God’s View of Humanity: Not Impressed, But Moved to Mercy

We parade our civilizations, our achievements, our morality, and our religion as if God should be impressed. But in His eyes, we are a desperate, dying multitude—bitten by sin, powerless to heal ourselves, unable to approach His holiness. The mountain burns, the law thunders, and we cannot bear His presence. Our best efforts only confirm our separation.

God did not intend for humanity to live as orphans, striving and dying in a spiritual wilderness. But for restoration to occur, God Himself had to provide the remedy—and He did, at infinite cost to Himself. He gave us the freedom to choose, but He also made the way so clear that refusal is inexcusable.

The Scandal of Simplicity: Why We Stumble

If God’s solution is so astonishingly simple, why do so many reject it? The answer is not intellectual, but deeply spiritual:

  1. The Offense of “Foolishness”: God deliberately undercuts human wisdom and pride. The cross is “foolishness” to the world, but it is the only power that saves. Pride, masquerading as wisdom, blinds us to our need and the sufficiency of Christ.

  2. Denial of the Problem: We mask our desperation with civilization, religion, and self-improvement. Like the Israelites longing for Egypt, we prefer the familiar slavery of self-reliance to the humbling admission of helplessness.

  3. Competing Remedies: Every religious system that prescribes works, rituals, or self-effort as the means to approach God is a denial of the true problem and a rejection of God’s only solution. These systems do not heal; they only distract from the serpent’s bite and the pole’s remedy. To trust in works is to refuse the cross.

What Is Lost If You Accept the Error

If you accept the lie that salvation requires your effort, your merit, or your religious performance, you forfeit everything Christ accomplished. You remain under the weight of sin, unreconciled, and outside the inheritance God secured for His sons. Justification collapses; sonship is denied; the conscience remains uncleansed. To add to the finished work is to reject it. If you refuse to look to Christ alone, you die—not because of the serpent’s bite, but because you refused God’s only provision.

The Only Sin That Condemns

The Scripture is unyielding: the only sin that sends a person to eternal condemnation is the rejection of the Son of God. Every other sin—adultery, murder, theft, blasphemy—has been paid for and forgiven at the cross. If you come to Christ, believing in His substitutionary death, your sins are lifted off you forever. If you reject Him, you stand before God with your sins upon you, with no remedy left.

The Invitation: Look and Live

God has made it ridiculously easy for you. The work is finished. The pole is raised.

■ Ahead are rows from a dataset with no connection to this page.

lemma twin_walk_back:
  assumes i: "i \<le> m" and c: "walk (twin i) dr' 0 = Some (a, True)"
  shows "walk i (twin_dir dr') 0 = Some (a, True) \<and> nxt i (twin_dir dr') \<le> m
      \<and> nxt (twin i) dr' = twin (nxt i (twin_dir dr'))"
proof -
  have h1: "walk i (twin_dir dr') 0 \<noteq> None"
  proof
    assume "walk i (twin_dir dr') 0 = None"
    then show False using twin_walk_exit[OF i, of "twin_dir dr'" a] c by simp
  qed
  have h2: "nxt i (twin_dir dr') \<le> m"
  proof (rule ccontr)
    assume "\<not> nxt i (twin_dir dr') \<le> m"
    then show False using twin_walk_exit[OF i, of "twin_dir dr'" a] c by simp
  qed
  have in1: "walk i (twin_dir dr') 0 \<noteq> None \<and> nxt i (twin_dir dr') \<le> m" using h1 h2 by blast
  then obtain c' where c': "walk i (twin_dir dr') 0 = Some c'" by auto
  from twin_walk[OF i c'] in1 have "walk (twin i) dr' 0 = Some c'
      \<and> nxt (twin i) dr' = twin (nxt i (twin_dir dr'))" by simp
  then show ?thesis using c c' in1 by simp
qed

lemma walk_direct_right:
  assumes i: "i \<le> length ls" "m < i" and c: "walk i dr 0 = Some (a, True)"
  shows "m < nxt i dr"
proof (rule ccontr)
  assume "\<not> m < nxt i dr"
  then have "\<not> dr" "i = Suc m" using i c by (auto simp: nxt_def walk_def split: if_splits)
  moreover have "ls ! m = l" using ls_nth[of m] length_ls by simp
  ultimately show False using c l_direct by (simp add: walk_def inv_letter_def)
qed

lemma vtx_twin: "i \<le> m \<Longrightarrow> vtx (twin i) = vtx i"
proof -
  assume i: "i \<le> m"
  show ?thesis
  proof (cases "m = 0")
    case True
    then have i0: "i = 0" and U0: "U = []" using i by auto
    have "ls ! 0 = l" using ls_nth[of 0] length_ls True by simp
    moreover have "twin 0 = 1" unfolding twin_def using True by simp
    ultimately show ?thesis using i0 loop[OF U0] vtx_prev[of 1] length_ls by (simp add: vtx_def)
  next
    case False
    obtain dr where dr: "walk i dr 0 \<noteq> None \<and> nxt i dr \<le> m"
    proof (cases "i < m")
      case True
      then show ?thesis using that[of True] length_ls by (auto simp: walk_def nxt_def)
    next
      case False
      then have "0 < i" using \<open>m \<noteq> 0\<close> i by auto
      then show ?thesis using that[of False] i by (auto simp: walk_def nxt_def)
    qed
    then obtain c where c: "walk i dr 0 = Some c" by auto
    have "walk (twin i) (twin_dir dr) 0 = Some c" using twin_walk[OF i c] dr by simp
    then show ?thesis using walk_vtx[OF _ c] walk_vtx[of "twin i"
        "twin_dir dr" c] twin_range[OF i] i length_ls by simp
  qed
qed

definition twin_coeffs :: "nat \<Rightarrow> nat \<Rightarrow> 'k::field" where
  "twin_coeffs j i = (if i \<le> m \<and> j = twin i then 1 else 0)"

lemma endo_coeffs_twin_coeffs: "endo_coeffs (twin_coeffs :: nat \<Rightarrow> nat \<Rightarrow> 'k::field)"
  unfolding endo_coeffs_def
proof (intro allI impI)
  fix a i k assume a: "a \<in> Arr" and i: "i \<le> length ls" and k: "k \<le> length ls" and pi: "vtx i = s a"
      and pk: "vtx k = t a"
  have R: "opt_coeff (act_inv a k) (\<lambda>j. (twin_coeffs j i :: 'k))
      = (if i \<le> m \<and> act a (twin i) = Some k then 1 else 0)"
  proof (cases "i \<le> m")
    case True
    have "act_inv a k = Some (twin i) \<longleftrightarrow> act a (twin i) = Some k"
      using act_inv_act[OF k] act_act_inv[of "twin i"] twin_range[OF True] by blast
    then show ?thesis using True by (cases "act_inv a k") (auto simp: twin_coeffs_def)
  next
    case False then show ?thesis by (cases "act_inv a k") (auto simp: twin_coeffs_def)
  qed
  have eq: "(\<exists>i'. act a i = Some i' \<and> i' \<le> m \<and> k = twin i') \<longleftrightarrow> (i \<le> m \<and> act a (twin i) = Some k)"
  proof
    assume "\<exists>i'. act a i = Some i' \<and> i' \<le> m \<and> k = twin i'"
    then obtain i' where i': "act a i = Some i'" "i' \<le> m" "k = twin i'" by blast
    then obtain dr where dr: "walk i dr 0 = Some (a, True)" "i' = nxt i dr" using i
      by (auto simp: act_iff)
    have im: "i \<le> m" using walk_direct_right[OF i _ dr(1)] dr i' by (meson not_le_imp_less not_less)
    have "walk (twin i) (twin_dir dr) 0 = Some (a, True) \<and> nxt (twin i) (twin_dir dr) = twin i'"
      using twin_walk[OF im dr(1)] dr i' by simp
    then show "i \<le> m \<and> act a (twin i) = Some k" using im twin_range[OF im] i'
      by (auto simp: act_iff)
  next
    assume h: "i \<le> m \<and> act a (twin i) = Some k"
    then obtain dr' where dr': "walk (twin i) dr' 0 = Some (a, True)" "k = nxt (twin i) dr'"
      using twin_range[of i] by (auto simp: act_iff)
    note L2 = twin_walk_back[OF conjunct1[OF h] dr'(1)]
    then show "\<exists>i'. act a i = Some i' \<and> i' \<le> m \<and> k = twin i'"
      using dr' i by (auto simp: act_iff)
  qed
  have L: "opt_coeff (act a i) (\<lambda>j. (twin_coeffs k j :: 'k))
      = (if \<exists>i'. act a i = Some i' \<and> i' \<le> m \<and> k = twin i' then 1 else 0)"
    by (cases "act a i") (auto simp: twin_coeffs_def)
  show "opt_coeff (act a i) ((twin_coeffs :: nat \<Rightarrow> nat \<Rightarrow> 'k) k)
      = opt_coeff (act_inv a k) (\<lambda>j. twin_coeffs j i)"
    unfolding R using L eq by simp
qed

lemma twin_coeffs_mult_zero: "twin_coeffs k j * twin_coeffs j i = 0"
  using twin_range[of i] by (auto simp: twin_coeffs_def)

lemma not_endo_division_string_rep:
    "\<not> endo_division V Arr s t fibre_dim (string_rep :: 'a \<Rightarrow> 'k::field mat)"
proof
  assume ed: "endo_division V Arr s t fibre_dim (string_rep :: 'a \<Rightarrow> 'k mat)"
  define f :: "'v \<Rightarrow> 'k mat" where "f = endo_of twin_coeffs"
  define v where "v = vtx 0"
  have v: "v \<in> V" using vtx_in_V[of 0] by (simp add: v_def)
  have P0: "0 \<in> fibre v" by (simp add: fibre_def v_def)
  have P1: "twin 0 \<in> fibre v" using twin_range[of 0] vtx_twin[of 0] by (simp add: fibre_def v_def)
  have "f v $$ (fibre_idx (twin 0), fibre_idx 0) = 1"
    unfolding f_def by (simp add: endo_of_entry[OF P1 P0] twin_coeffs_def)
  moreover have "fibre_idx (twin 0) < fibre_dim v" "fibre_idx 0 < fibre_dim v" using fibre_idx P0 P1
    by auto
  ultimately have fne: "f v \<noteq> 0\<^sub>m (fibre_dim v) (fibre_dim v)" by auto
  obtain g where g: "is_endo V Arr s t fibre_dim string_rep g" "f v * g v = 1\<^sub>m (fibre_dim v)"
    using ed is_endo_endo_of[OF endo_coeffs_twin_coeffs] fne v unfolding endo_division_def f_def
    by blast
  have "g v \<in> carrier_mat (fibre_dim v) (fibre_dim v)" using g(1) v unfolding is_endo_def by auto
  moreover have "f v * f v = 0\<^sub>m (fibre_dim v) (fibre_dim v)"
    unfolding f_def endo_of_mult twin_coeffs_mult_zero by (simp add: endo_of_zero)
  ultimately show False using square_zero_not_invertible[OF _ _ _ g(2)] fne
    by (simp add: f_def endo_of_carrier)
qed
end

lemma brick_gentle_no_self_concat_word:
  fixes V :: "'v set" and Arr :: "'a set" and s t :: "'a \<Rightarrow> 'v" and Rel :: "('a \<times> 'a) set"
  assumes bg: "brick_gentle TYPE('k::field) V Arr s t Rel"
    and str: "is_string V Arr s t Rel (Word (U @ [l] @ W))" and ld: "snd l"
    and Wd: "W = U \<or> W = rev (map inv_letter U)" and lp: "U = [] \<Longrightarrow> lsrc s t l = ltgt s t l"
  shows False
proof -
  interpret self_concat_word V Arr s t Rel "U @ [l] @ W" U l W
    by unfold_locales (use brick_gentle_ends[OF bg] str ld Wd lp in auto)
  have "is_rep V Arr s t Rel fibre_dim (string_rep :: 'a \<Rightarrow> 'k mat)"
    by (rule is_rep_string_rep) (use brick_gentle_Rel[OF bg] in blast)
  then have "endo_division V Arr s t fibre_dim (string_rep :: 'a \<Rightarrow> 'k mat)"
    by (rule brick_gentle_endo_division[OF bg _ indecomposable_string_rep])
  moreover have "\<not> endo_division V Arr s t fibre_dim (string_rep :: 'a \<Rightarrow> 'k mat)"
    by (rule not_endo_division_string_rep)
  ultimately show False by contradiction
qed
lemma inj_on_cyc_seq: "inj_on (cyc_seq p n g) {d. cyc_pattern n d}"
proof (rule inj_onI)
  fix d e assume "d \<in> {d. cyc_pattern n d}" "e \<in> {d. cyc_pattern n d}"
    and de: "cyc_seq p n g d = cyc_seq p n g e"
  show "d = e"
  proof
    fix k
    show "d k = e k"
    proof (cases "k < n")
      case True
      then have "dlog (g ^ k mod p) = k" using n_le dlog_unique[of k] by (simp add: cong_def)
      moreover have "g ^ k mod p mod p \<noteq> 0" using not_dvd_power[of k] by (simp add: dvd_eq_mod_eq_0)
      ultimately show ?thesis
        using fun_cong[OF de, of "g ^ k mod p"] True by (simp add: cyc_seq_eq)
    qed (use \<open>d \<in> _\<close> \<open>e \<in> _\<close> in \<open>simp add: cyc_pattern_def\<close>)
  qed
qed

lemma sum_pcorr_cyc_seq_count:
  assumes H: "hadamard_plan n D" and "s < p"
  defines "A \<equiv> {j \<in> {1..<p}. (j + s) mod p \<noteq> 0}"
  shows "(\<Sum>d\<in>D. pcorr p (cyc_seq p n g d) (cyc_seq p n g d) s) =
    of_nat n * of_nat (card {j \<in> A. dlog (j + s) mod n = dlog j mod n}) - of_nat (card A)"
proof -
  define X where "X j = (if dlog (j + s) mod n = dlog j mod n then of_nat n else (0 :: complex)) - 1" for j
  have "(\<Sum>d\<in>D. cyc_seq p n g d ((j + s) mod p) * cnj (cyc_seq p n g d j)) = (if j \<in> A then X j else 0)"
    if "j < p" for j
    using that hadamard_plan_column_sum[OF H n_ge_2, of "dlog (j + s) mod n" "dlog j mod n"] n_ge_2
    by (auto simp: cyc_seq_eq A_def X_def)
  then have "(\<Sum>d\<in>D. pcorr p (cyc_seq p n g d) (cyc_seq p n g d) s) = (\<Sum>j<p. if j \<in> A then X j else 0)"
    unfolding pcorr_def by (subst sum.swap) simp
  also have "\<dots> = (\<Sum>j\<in>A. X j)"
    by (rule sum.mono_neutral_cong_right) (auto simp: A_def)
  also have "\<dots> = of_nat n * of_nat (card {j \<in> A. dlog (j + s) mod n = dlog j mod n}) - of_nat (card A)"
    unfolding X_def by (simp add: sum_subtractf sum.If_cases Int_def A_def conj_assoc)
  finally show ?thesis .
qed
(* Let $k>d$, let $\mathbf X\in\mathbb R^{k\times d}$ have full column rank $d$ and rows $\mathbf x_i^\top$, and let $\mathbf y\in\mathbb R^k$. Then $\mathbf X^+\mathbf y=\sum_{i=1}^k\dfrac{\det(\mathbf X_{-i}^\top\mathbf X_{-i})}{(k-d)\det(\mathbf X^\top\mathbf X)}\,\mathbf X_{-i}^+\mathbf y_{-i}$, where $\mathbf X_{-i}$ is $\mathbf X$ with its $i$-th row removed, $\mathbf y_{-i}$ is $\mathbf y$ with its $i$-th entry removed, and $^+$ denotes the Moore–Penrose pseudoinverse. *)

theory Defs
  imports "Jordan_Normal_Form.DL_Rank" "Jordan_Normal_Form.Determinant"
begin

text \<open>Moore--Penrose pseudoinverse of a real matrix: the unique matrix satisfying
  the four Penrose conditions (for real matrices the conjugate transpose is the transpose).\<close>
definition pinv :: "real mat \<Rightarrow> real mat" where
  "pinv A = (THE B. B \<in> carrier_mat (dim_col A) (dim_row A) \<and>
      A * B * A = A \<and> B * A * B = B \<and>
      transpose_mat (A * B) = A * B \<and> transpose_mat (B * A) = B * A)"

text \<open>Matrix with row i removed (rows indexed from 0).\<close>
definition del_row :: "'a mat \<Rightarrow> nat \<Rightarrow> 'a mat" where
  "del_row A i = mat (dim_row A - 1) (dim_col A)
      (\<lambda>(r, c). A $$ (if r < i then r else Suc r, c))"

definition del_entry :: "'a vec \<Rightarrow> nat \<Rightarrow> 'a vec" where
  "del_entry v i = vec (dim_vec v - 1) (\<lambda>r. v $ (if r < i then r else Suc r))"

end

theory Submission
  imports Defs
begin

text \<open>Deleting row \<open>x\<^sub>i\<close> turns the Gram matrix \<open>A = X\<^sup>T X\<close> into the rank-one update
  \<open>A - x\<^sub>i x\<^sub>i\<^sup>T\<close>. With the leverage \<open>h\<^sub>i = x\<^sub>i\<^sup>T A\<^sup>-\<^sup>1 x\<^sub>i\<close>, the matrix determinant lemma
  gives \<open>det (X\<^sub>-\<^sub>i\<^sup>T X\<^sub>-\<^sub>i) = (1 - h\<^sub>i) det A\<close> and the Sherman--Morrison formula gives
  \<open>(1 - h\<^sub>i) X\<^sub>-\<^sub>i\<^sup>+ y\<^sub>-\<^sub>i = (1 - h\<^sub>i) w + (x\<^sub>i\<^sup>T w - y\<^sub>i) A\<^sup>-\<^sup>1 x\<^sub>i\<close> with \<open>w = X\<^sup>+ y\<close>; when
  \<open>h\<^sub>i = 1\<close> the row is fitted exactly and both sides vanish. Summing over \<open>i\<close>, the leverages add
  up to \<open>tr (X A\<^sup>-\<^sup>1 X\<^sup>T) = d\<close> and the two correction terms cancel, since
  \<open>\<Sum>\<^sub>i A\<^sup>-\<^sup>1 x\<^sub>i x\<^sub>i\<^sup>T w = w = \<Sum>\<^sub>i y\<^sub>i A\<^sup>-\<^sup>1 x\<^sub>i\<close>; what remains is \<open>(k - d) w\<close>.\<close>

definition outer_prod :: "'a :: comm_ring_1 vec \<Rightarrow> 'a vec \<Rightarrow> 'a mat" where
  "outer_prod a b = mat (dim_vec a) (dim_vec b) (\<lambda>(i, j). a $ i * b $ j)"

lemma outer_prod_carrier [simp]:
  "a \<in> carrier_vec n \<Longrightarrow> b \<in> carrier_vec m \<Longrightarrow> outer_prod a b \<in> carrier_mat n m"
  unfolding outer_prod_def by auto

lemma outer_prod_index [simp]:
  "i < dim_vec a \<Longrightarrow> j < dim_vec b \<Longrightarrow> outer_prod a b $$ (i, j) = a $ i * b $ j"
  "dim_row (outer_prod a b) = dim_vec a" "dim_col (outer_prod a b) = dim_vec b"
  unfolding outer_prod_def by auto

lemma transpose_outer_prod: "transpose_mat (outer_prod a b) = outer_prod b a"
  by (intro eq_matI) auto

lemma col_outer_prod: "j < dim_vec b \<Longrightarrow> col (outer_prod a b) j = b $ j \<cdot>\<^sub>v a"
  by (intro eq_vecI) (auto simp: ac_simps)

lemma row_outer_prod: "i < dim_vec a \<Longrightarrow> row (outer_prod a b) i = a $ i \<cdot>\<^sub>v b"
  by (intro eq_vecI) auto

lemma mult_outer_prod:
  assumes "M \<in> carrier_mat m n" and "a \<in> carrier_vec n"
  shows "M * outer_prod a b = outer_prod (M *\<^sub>v a) b"
  using assms by (intro eq_matI) (auto simp: col_outer_prod ac_simps)

lemma outer_prod_mult:
  assumes "M \<in> carrier_mat n m" and "b \<in> carrier_vec n"
  shows "outer_prod a b * M = outer_prod a (transpose_mat M *\<^sub>v b)"
  using assms by (intro eq_matI) (auto simp: row_outer_prod comm_scalar_prod[of _ n])

lemma outer_prod_mult_vec:
  assumes "b \<in> carrier_vec n" and "v \<in> carrier_vec n"
  shows "outer_prod a b *\<^sub>v v = (b \<bullet> v) \<cdot>\<^sub>v a"
  using assms by (intro eq_vecI) (auto simp: row_outer_prod ac_simps)

text \<open>Sylvester's determinant identity, from the two block triangular factorisations of
  \<open>[1 U; V 1]\<close>.\<close>
lemma det_one_minus_mult_commute:
  fixes U :: "'a :: idom mat"
  assumes U: "U \<in> carrier_mat n m" and V: "V \<in> carrier_mat m n"
  shows "det (1\<^sub>m n - U * V) = det (1\<^sub>m m - V * U)"
proof -
  have UV: "U * V \<in> carrier_mat n n" and VU: "V * U \<in> carrier_mat m m" using U V by auto
  define M where "M = four_block_mat (1\<^sub>m n) U V (1\<^sub>m m)"
  have "four_block_mat (1\<^sub>m n) U (0\<^sub>m m n) (1\<^sub>m m) * four_block_mat (1\<^sub>m n - U * V) (0\<^sub>m n m) V (1\<^sub>m m)
     = four_block_mat (1\<^sub>m n * (1\<^sub>m n - U * V) + U * V) (1\<^sub>m n * 0\<^sub>m n m + U * 1\<^sub>m m)
        (0\<^sub>m m n * (1\<^sub>m n - U * V) + 1\<^sub>m m * V) (0\<^sub>m m n * 0\<^sub>m n m + 1\<^sub>m m * 1\<^sub>m m)"
    by (rule mult_four_block_mat) (use U V UV in auto)
  also have "\<dots> = M" unfolding M_def using U V UV
    by (intro cong_four_block_mat; intro eq_matI) auto
  finally have M_upper_first: "M = four_block_mat (1\<^sub>m n) U (0\<^sub>m m n) (1\<^sub>m m)
      * four_block_mat (1\<^sub>m n - U * V) (0\<^sub>m n m) V (1\<^sub>m m)" by simp
  have "four_block_mat (1\<^sub>m n) (0\<^sub>m n m) V (1\<^sub>m m - V * U) * four_block_mat (1\<^sub>m n) U (0\<^sub>m m n) (1\<^sub>m m)
     = four_block_mat (1\<^sub>m n * 1\<^sub>m n + 0\<^sub>m n m * 0\<^sub>m m n) (1\<^sub>m n * U + 0\<^sub>m n m * 1\<^sub>m m)
        (V * 1\<^sub>m n + (1\<^sub>m m - V * U) * 0\<^sub>m m n) (V * U + (1\<^sub>m m - V * U) * 1\<^sub>m m)"
    by (rule mult_four_block_mat) (use U V VU in auto)
  also have "\<dots> = M" unfolding M_def using U V VU
    by (intro cong_four_block_mat; intro eq_matI) auto
  finally have M_lower_first: "M = four_block_mat (1\<^sub>m n) (0\<^sub>m n m) V (1\<^sub>m m - V * U)
      * four_block_mat (1\<^sub>m n) U (0\<^sub>m m n) (1\<^sub>m m)" by simp
  have unipotent: "det (four_block_mat (1\<^sub>m n) U (0\<^sub>m m n) (1\<^sub>m m)) = 1"
    by (subst det_four_block_mat_lower_left_zero[of _ n _ m]) (use U in auto)
  have "det (four_block_mat (1\<^sub>m n - U * V) (0\<^sub>m n m) V (1\<^sub>m m)) = det (1\<^sub>m n - U * V)"
    by (subst det_four_block_mat_upper_right_zero[of _ n _ m]) (use U V UV in auto)
  then have "det M = det (1\<^sub>m n - U * V)"
    unfolding M_upper_first using U V UV unipotent by (subst det_mult[of _ "n + m"]) auto
  moreover have "det (four_block_mat (1\<^sub>m n) (0\<^sub>m n m) V (1\<^sub>m m - V * U)) = det (1\<^sub>m m - V * U)"
    by (subst det_four_block_mat_upper_right_zero[of _ n _ m]) (use U V VU in auto)
  then have "det M = det (1\<^sub>m m - V * U)"
    unfolding M_lower_first using U V VU unipotent by (subst det_mult[of _ "n + m"]) auto
  ultimately show ?thesis by simp
qed

lemma det_one_minus_outer_prod:
  fixes u :: "'a :: idom vec"
  assumes u: "u \<in> carrier_vec n" and x: "x \<in> carrier_vec n"
  shows "det (1\<^sub>m n - outer_prod u x) = 1 - x \<bullet> u"
proof -
  define U where "U = mat n 1 (\<lambda>(i, _). u $ i)"
  define V where "V = mat 1 n (\<lambda>(_, j). x $ j)"
  have U: "U \<in> carrier_mat n 1" and V: "V \<in> carrier_mat 1 n" unfolding U_def V_def by auto
  have "U * V = outer_prod u x" using u x unfolding U_def V_def
    by (intro eq_matI) (auto simp: scalar_prod_def)
  moreover have "V * U = mat 1 1 (\<lambda>_. x \<bullet> u)" using u x unfolding U_def V_def
    by (intro eq_matI) (auto simp: scalar_prod_def)
  moreover have "det (1\<^sub>m 1 - mat 1 1 (\<lambda>_. x \<bullet> u)) = 1 - x \<bullet> u"
    by (subst det_single) auto
  ultimately show ?thesis using det_one_minus_mult_commute[OF U V] by simp
qed

lemma det_minus_outer_prod:
  fixes A :: "'a :: idom mat"
  assumes A: "A \<in> carrier_mat n n" and B: "B \<in> carrier_mat n n" and AB: "A * B = 1\<^sub>m n"
    and x: "x \<in> carrier_vec n" and z: "z \<in> carrier_vec n"
  shows "det (A - outer_prod x z) = det A * (1 - z \<bullet> (B *\<^sub>v x))"
proof -
  define u where "u = B *\<^sub>v x"
  have u: "u \<in> carrier_vec n" using B x unfolding u_def by simp
  have "A *\<^sub>v u = x" unfolding u_def using A B x AB by (simp flip: assoc_mult_mat_vec)
  then have "A * (1\<^sub>m n - outer_prod u z) = A - outer_prod x z"
    using A u z by (subst mult_minus_distrib_mat[of A n n]) (auto simp: mult_outer_prod)
  then have "det (A - outer_prod x z) = det A * det (1\<^sub>m n - outer_prod u z)"
    using A u z by (metis det_mult minus_carrier_mat one_carrier_mat outer_prod_carrier)
  with det_one_minus_outer_prod[OF u z] show ?thesis unfolding u_def by simp
qed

The only requirement is to look away from yourself and believe in Christ. There is no other way, and there is no need for another way. To refuse this is to remain in death; to receive it is to enter into eternal life, sonship, and the inheritance secured by Christ alone.

Do not let pride, religion, or unbelief rob you of what God has made so freely available. Look to Jesus—now—and live.